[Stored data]
◆ ◆ ◆ ◆

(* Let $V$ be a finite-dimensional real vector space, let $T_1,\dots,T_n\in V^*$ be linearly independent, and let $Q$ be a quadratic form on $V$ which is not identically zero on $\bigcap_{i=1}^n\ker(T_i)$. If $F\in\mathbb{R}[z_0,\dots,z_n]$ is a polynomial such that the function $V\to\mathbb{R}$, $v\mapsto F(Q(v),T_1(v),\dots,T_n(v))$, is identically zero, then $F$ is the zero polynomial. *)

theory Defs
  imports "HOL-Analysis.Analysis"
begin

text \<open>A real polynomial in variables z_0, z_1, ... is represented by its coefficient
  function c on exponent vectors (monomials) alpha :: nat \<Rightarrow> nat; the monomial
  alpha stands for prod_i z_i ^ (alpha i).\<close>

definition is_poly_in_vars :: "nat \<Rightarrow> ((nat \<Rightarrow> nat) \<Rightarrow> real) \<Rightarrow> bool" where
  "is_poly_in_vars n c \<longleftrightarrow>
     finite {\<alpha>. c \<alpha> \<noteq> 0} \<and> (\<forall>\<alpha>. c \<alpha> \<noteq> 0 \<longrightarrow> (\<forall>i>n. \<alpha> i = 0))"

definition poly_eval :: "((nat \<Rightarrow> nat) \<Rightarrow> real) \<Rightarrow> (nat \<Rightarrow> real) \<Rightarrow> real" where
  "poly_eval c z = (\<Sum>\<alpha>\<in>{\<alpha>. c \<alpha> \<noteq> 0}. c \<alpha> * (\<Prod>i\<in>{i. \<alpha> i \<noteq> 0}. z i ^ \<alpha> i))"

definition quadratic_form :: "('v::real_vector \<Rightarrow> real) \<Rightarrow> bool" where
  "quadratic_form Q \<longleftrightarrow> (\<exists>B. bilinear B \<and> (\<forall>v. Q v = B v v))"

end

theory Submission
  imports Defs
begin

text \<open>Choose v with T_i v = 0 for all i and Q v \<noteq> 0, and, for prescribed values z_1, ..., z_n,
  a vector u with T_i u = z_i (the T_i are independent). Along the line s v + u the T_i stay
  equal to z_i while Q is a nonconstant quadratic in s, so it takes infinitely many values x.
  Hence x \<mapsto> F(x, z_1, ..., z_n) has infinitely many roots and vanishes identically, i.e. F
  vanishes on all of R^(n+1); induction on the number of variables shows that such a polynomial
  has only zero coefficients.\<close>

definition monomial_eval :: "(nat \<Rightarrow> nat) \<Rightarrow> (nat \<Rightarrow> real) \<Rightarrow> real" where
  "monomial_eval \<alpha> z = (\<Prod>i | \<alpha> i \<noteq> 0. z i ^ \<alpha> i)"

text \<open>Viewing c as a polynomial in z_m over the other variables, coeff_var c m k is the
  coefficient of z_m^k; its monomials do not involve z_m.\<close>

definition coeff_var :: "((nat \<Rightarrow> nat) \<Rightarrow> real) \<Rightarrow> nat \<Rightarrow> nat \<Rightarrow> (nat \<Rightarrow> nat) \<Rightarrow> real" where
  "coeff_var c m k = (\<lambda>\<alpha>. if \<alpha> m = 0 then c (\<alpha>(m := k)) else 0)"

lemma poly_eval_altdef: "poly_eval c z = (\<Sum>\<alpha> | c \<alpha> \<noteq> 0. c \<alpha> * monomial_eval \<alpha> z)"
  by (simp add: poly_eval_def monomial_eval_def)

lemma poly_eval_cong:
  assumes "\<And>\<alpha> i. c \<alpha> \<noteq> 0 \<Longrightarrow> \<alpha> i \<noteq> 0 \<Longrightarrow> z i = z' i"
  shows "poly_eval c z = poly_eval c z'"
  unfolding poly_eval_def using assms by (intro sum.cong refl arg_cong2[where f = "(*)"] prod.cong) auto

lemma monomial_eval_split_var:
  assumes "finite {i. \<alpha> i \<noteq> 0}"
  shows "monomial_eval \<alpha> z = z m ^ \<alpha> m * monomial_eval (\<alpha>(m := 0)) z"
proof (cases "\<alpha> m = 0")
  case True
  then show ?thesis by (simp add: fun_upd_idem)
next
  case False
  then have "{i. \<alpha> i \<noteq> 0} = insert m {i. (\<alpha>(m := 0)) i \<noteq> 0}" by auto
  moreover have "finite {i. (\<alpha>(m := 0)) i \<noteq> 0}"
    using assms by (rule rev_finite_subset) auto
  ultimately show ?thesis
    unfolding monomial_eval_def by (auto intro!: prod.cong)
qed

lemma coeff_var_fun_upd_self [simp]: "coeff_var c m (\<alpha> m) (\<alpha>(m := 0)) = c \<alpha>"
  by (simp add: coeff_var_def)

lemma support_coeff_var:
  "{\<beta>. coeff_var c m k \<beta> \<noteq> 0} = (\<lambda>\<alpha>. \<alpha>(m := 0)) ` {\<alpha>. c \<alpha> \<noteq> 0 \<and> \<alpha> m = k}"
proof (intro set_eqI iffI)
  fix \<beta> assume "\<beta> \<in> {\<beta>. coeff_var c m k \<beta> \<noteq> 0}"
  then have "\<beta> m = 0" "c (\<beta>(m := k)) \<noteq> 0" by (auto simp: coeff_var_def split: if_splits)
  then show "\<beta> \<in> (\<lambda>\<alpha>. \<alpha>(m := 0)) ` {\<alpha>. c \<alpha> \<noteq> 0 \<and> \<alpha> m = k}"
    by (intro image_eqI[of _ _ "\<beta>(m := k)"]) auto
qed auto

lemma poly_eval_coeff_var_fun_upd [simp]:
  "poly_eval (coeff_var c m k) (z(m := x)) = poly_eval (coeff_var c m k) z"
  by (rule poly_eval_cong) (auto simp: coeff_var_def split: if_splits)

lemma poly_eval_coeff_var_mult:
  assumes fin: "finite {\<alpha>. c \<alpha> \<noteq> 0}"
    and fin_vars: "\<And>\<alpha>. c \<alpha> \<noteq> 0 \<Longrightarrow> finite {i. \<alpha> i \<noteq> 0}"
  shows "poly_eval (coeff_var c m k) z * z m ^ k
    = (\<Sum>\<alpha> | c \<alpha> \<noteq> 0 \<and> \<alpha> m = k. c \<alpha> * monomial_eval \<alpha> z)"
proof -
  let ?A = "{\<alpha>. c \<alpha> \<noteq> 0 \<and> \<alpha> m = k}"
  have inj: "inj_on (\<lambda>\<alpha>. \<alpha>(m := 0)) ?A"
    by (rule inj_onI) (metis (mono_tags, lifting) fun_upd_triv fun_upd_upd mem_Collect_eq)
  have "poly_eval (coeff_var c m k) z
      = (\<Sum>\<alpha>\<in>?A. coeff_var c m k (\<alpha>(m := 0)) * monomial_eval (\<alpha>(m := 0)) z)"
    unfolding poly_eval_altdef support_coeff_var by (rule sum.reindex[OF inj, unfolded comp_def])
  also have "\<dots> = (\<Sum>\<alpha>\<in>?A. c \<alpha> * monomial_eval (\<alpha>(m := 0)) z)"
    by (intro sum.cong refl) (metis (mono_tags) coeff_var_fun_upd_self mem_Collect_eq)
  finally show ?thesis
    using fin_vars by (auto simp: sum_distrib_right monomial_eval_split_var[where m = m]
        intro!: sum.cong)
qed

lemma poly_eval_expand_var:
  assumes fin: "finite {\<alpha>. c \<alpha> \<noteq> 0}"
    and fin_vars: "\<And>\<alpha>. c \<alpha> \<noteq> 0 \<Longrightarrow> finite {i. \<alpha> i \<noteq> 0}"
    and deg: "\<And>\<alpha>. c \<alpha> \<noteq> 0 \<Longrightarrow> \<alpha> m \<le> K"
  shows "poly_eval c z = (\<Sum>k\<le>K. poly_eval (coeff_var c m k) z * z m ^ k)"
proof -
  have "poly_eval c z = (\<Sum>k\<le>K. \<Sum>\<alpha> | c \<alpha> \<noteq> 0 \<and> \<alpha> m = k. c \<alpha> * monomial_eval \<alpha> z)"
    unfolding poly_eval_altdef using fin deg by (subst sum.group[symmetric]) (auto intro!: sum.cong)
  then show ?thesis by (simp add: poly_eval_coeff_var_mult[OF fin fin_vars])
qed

◆ ◆ ◆ ◆

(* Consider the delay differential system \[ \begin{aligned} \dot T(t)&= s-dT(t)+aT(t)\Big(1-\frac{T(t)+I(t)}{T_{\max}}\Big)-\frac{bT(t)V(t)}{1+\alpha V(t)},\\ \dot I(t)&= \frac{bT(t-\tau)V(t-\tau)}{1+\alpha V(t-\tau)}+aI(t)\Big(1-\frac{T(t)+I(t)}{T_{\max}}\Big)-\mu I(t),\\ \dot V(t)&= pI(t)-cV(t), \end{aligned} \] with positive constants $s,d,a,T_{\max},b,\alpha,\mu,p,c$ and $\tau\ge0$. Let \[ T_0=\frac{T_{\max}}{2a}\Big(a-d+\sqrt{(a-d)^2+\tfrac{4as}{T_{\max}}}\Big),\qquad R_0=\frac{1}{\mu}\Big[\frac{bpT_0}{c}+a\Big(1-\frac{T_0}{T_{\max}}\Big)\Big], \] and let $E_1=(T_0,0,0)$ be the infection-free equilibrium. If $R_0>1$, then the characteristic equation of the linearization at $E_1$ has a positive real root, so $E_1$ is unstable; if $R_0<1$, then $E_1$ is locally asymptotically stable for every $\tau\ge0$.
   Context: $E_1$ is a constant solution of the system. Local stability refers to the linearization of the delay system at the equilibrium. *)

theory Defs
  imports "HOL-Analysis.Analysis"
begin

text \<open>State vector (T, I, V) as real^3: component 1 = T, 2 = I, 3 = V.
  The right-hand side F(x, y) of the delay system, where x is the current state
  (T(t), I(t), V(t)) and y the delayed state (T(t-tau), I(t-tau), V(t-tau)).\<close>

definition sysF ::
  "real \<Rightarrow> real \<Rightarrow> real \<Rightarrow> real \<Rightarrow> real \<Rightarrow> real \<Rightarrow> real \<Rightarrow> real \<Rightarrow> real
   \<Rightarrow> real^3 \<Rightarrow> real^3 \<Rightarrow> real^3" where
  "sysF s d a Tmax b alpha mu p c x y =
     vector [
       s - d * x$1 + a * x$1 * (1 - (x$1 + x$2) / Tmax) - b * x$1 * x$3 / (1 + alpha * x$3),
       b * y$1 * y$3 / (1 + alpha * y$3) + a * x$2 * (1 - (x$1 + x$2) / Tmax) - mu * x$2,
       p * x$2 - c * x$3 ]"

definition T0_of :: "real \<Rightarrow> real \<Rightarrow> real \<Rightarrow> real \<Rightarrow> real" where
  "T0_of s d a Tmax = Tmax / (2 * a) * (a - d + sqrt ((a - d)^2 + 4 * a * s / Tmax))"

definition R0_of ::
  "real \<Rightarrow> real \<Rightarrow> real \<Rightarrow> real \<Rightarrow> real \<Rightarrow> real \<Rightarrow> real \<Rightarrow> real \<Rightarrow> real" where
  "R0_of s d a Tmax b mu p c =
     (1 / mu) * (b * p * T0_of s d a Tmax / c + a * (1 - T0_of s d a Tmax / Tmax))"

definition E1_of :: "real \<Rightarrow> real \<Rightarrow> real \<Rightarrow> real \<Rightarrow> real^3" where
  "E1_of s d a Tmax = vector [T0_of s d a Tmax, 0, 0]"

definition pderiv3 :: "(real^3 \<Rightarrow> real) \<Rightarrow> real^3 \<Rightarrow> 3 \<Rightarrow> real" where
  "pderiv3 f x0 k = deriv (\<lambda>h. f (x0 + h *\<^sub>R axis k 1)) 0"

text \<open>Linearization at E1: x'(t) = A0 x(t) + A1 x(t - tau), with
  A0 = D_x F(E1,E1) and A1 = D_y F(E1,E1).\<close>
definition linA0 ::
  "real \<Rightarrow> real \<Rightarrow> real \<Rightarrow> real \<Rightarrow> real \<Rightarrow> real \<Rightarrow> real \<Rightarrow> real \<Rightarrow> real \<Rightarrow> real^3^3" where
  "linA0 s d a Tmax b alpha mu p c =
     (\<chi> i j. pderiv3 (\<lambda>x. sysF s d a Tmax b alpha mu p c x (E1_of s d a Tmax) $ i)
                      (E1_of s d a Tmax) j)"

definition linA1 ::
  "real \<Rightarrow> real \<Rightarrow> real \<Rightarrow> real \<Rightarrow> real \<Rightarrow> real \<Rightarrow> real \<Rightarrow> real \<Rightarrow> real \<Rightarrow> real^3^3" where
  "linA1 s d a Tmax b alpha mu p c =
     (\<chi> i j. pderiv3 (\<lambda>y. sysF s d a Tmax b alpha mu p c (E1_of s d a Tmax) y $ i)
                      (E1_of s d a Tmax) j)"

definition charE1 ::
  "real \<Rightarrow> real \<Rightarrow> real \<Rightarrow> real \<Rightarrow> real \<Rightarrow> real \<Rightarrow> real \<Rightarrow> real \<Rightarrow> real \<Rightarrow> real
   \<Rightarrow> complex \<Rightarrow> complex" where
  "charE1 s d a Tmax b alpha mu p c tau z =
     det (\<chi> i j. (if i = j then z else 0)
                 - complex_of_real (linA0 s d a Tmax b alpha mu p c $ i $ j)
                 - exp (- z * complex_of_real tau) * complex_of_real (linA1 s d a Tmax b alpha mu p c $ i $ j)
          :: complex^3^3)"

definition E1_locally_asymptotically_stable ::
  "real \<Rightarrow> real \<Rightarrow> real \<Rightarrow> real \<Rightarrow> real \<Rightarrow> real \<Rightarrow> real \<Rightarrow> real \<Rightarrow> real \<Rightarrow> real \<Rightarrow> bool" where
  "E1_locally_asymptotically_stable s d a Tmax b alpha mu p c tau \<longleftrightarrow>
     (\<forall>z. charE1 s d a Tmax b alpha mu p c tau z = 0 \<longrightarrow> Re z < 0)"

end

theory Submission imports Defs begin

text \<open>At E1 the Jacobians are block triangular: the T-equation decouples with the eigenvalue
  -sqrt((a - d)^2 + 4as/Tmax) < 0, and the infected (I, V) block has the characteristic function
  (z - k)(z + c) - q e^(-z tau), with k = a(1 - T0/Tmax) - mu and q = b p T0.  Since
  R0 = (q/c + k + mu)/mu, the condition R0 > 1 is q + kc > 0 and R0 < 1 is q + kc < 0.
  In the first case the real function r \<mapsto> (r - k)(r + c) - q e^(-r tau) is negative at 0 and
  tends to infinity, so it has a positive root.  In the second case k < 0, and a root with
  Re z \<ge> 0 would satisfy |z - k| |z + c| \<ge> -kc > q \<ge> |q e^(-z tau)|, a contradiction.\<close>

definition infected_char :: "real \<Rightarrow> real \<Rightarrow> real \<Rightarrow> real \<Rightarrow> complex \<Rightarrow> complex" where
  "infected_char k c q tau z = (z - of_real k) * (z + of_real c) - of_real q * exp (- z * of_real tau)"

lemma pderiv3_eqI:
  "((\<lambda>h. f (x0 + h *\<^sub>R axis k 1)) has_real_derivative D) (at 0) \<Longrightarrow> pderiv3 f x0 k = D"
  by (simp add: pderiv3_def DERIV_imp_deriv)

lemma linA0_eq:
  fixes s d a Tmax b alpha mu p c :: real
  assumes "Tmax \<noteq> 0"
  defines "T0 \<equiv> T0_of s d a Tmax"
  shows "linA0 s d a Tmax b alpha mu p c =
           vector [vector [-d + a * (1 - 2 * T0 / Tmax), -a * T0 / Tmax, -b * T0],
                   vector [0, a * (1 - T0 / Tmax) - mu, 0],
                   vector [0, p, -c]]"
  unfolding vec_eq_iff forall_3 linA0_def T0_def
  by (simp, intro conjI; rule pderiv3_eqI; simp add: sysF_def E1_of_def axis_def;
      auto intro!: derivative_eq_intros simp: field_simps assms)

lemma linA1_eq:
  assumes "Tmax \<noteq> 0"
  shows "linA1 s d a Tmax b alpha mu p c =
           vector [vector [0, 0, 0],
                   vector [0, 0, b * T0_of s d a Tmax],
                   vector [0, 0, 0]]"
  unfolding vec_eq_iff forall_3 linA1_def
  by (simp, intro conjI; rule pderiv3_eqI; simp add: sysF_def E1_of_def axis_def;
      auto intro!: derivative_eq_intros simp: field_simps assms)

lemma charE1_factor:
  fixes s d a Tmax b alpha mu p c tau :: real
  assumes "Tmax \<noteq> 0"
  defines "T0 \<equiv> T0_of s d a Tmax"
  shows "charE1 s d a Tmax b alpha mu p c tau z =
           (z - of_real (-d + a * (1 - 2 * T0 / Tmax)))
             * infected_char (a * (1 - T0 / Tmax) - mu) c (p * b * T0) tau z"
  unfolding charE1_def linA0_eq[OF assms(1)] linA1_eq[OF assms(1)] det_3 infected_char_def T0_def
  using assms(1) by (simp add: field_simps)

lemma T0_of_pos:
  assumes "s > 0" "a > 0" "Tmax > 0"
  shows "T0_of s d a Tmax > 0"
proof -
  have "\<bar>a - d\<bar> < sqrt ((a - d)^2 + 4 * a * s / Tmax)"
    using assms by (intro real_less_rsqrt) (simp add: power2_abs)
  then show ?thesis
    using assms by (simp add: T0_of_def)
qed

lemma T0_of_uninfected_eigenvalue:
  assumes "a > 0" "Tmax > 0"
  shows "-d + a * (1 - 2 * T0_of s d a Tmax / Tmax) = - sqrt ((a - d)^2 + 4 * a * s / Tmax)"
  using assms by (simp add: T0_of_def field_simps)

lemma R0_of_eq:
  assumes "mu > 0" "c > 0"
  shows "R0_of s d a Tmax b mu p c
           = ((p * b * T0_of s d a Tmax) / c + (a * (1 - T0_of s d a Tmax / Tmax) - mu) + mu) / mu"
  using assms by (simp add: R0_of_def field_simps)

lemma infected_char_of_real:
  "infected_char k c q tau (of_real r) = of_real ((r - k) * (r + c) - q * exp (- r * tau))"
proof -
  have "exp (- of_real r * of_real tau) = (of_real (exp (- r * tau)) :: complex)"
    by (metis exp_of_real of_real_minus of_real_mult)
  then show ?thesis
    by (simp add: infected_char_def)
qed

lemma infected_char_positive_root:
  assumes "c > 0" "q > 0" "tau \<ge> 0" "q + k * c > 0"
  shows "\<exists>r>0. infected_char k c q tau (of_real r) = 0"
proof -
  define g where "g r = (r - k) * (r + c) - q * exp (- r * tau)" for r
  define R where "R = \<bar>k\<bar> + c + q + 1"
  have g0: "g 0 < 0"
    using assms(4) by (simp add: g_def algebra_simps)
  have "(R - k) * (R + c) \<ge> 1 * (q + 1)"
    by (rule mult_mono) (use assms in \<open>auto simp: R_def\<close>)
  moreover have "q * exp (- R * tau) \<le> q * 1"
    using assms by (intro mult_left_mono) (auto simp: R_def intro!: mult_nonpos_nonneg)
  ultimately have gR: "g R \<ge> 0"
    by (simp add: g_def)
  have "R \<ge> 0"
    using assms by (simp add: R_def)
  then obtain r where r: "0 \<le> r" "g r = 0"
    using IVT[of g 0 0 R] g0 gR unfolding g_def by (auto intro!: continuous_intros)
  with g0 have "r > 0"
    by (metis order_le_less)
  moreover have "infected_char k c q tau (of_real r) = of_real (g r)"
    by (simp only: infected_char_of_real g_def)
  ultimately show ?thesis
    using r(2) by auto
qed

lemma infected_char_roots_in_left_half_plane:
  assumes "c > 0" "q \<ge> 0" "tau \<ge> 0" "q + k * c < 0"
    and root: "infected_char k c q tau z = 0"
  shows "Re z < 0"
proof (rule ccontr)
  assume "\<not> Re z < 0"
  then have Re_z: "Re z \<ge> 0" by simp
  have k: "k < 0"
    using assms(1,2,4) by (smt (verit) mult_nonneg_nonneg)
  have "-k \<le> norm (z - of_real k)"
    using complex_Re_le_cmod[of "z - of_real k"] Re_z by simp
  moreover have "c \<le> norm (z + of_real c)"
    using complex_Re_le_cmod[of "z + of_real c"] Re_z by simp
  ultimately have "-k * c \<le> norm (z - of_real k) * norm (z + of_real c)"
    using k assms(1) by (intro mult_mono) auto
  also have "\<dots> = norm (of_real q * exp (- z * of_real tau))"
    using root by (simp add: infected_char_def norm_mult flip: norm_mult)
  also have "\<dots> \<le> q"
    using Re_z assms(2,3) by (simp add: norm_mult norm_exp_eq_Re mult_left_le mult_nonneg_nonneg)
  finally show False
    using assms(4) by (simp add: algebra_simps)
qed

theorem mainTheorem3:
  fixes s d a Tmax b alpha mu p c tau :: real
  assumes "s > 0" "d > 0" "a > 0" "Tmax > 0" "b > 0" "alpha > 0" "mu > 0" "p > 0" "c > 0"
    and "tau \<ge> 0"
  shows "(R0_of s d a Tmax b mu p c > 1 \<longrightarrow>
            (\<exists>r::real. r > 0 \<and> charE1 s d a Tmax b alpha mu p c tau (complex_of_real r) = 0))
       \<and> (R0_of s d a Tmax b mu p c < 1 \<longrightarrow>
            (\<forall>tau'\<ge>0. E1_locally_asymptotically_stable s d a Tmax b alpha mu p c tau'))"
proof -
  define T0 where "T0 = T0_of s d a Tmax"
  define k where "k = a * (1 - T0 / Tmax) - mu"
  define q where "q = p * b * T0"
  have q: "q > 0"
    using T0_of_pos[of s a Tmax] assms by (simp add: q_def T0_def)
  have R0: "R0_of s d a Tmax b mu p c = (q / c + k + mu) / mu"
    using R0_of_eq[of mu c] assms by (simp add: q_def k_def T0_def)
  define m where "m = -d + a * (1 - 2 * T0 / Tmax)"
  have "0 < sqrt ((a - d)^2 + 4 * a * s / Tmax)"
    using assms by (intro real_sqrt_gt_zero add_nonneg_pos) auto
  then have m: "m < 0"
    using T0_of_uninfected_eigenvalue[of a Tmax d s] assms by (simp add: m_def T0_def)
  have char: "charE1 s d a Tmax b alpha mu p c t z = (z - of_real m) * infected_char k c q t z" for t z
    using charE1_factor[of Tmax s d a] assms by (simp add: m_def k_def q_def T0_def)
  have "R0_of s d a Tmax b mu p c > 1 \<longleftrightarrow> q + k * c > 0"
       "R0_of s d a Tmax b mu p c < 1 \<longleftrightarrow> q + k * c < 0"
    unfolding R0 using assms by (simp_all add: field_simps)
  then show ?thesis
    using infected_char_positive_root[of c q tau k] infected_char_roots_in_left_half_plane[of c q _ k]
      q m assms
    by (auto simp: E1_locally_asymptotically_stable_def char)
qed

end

◆ ◆ ◆ ◆

# WHAT NEEDS TO BE DONE
The answer should consist of all lines from the records above that hold the word "metis".

# PROBLEM SOLUTION
    by (rule inj_onI) (metis (mono_tags, lifting) fun_upd_triv fun_upd_upd mem_Collect_eq)
    by (intro sum.cong refl) (metis (mono_tags) coeff_var_fun_upd_self mem_Collect_eq)
    by (metis exp_of_real of_real_minus of_real_mult)
    by (metis order_le_less)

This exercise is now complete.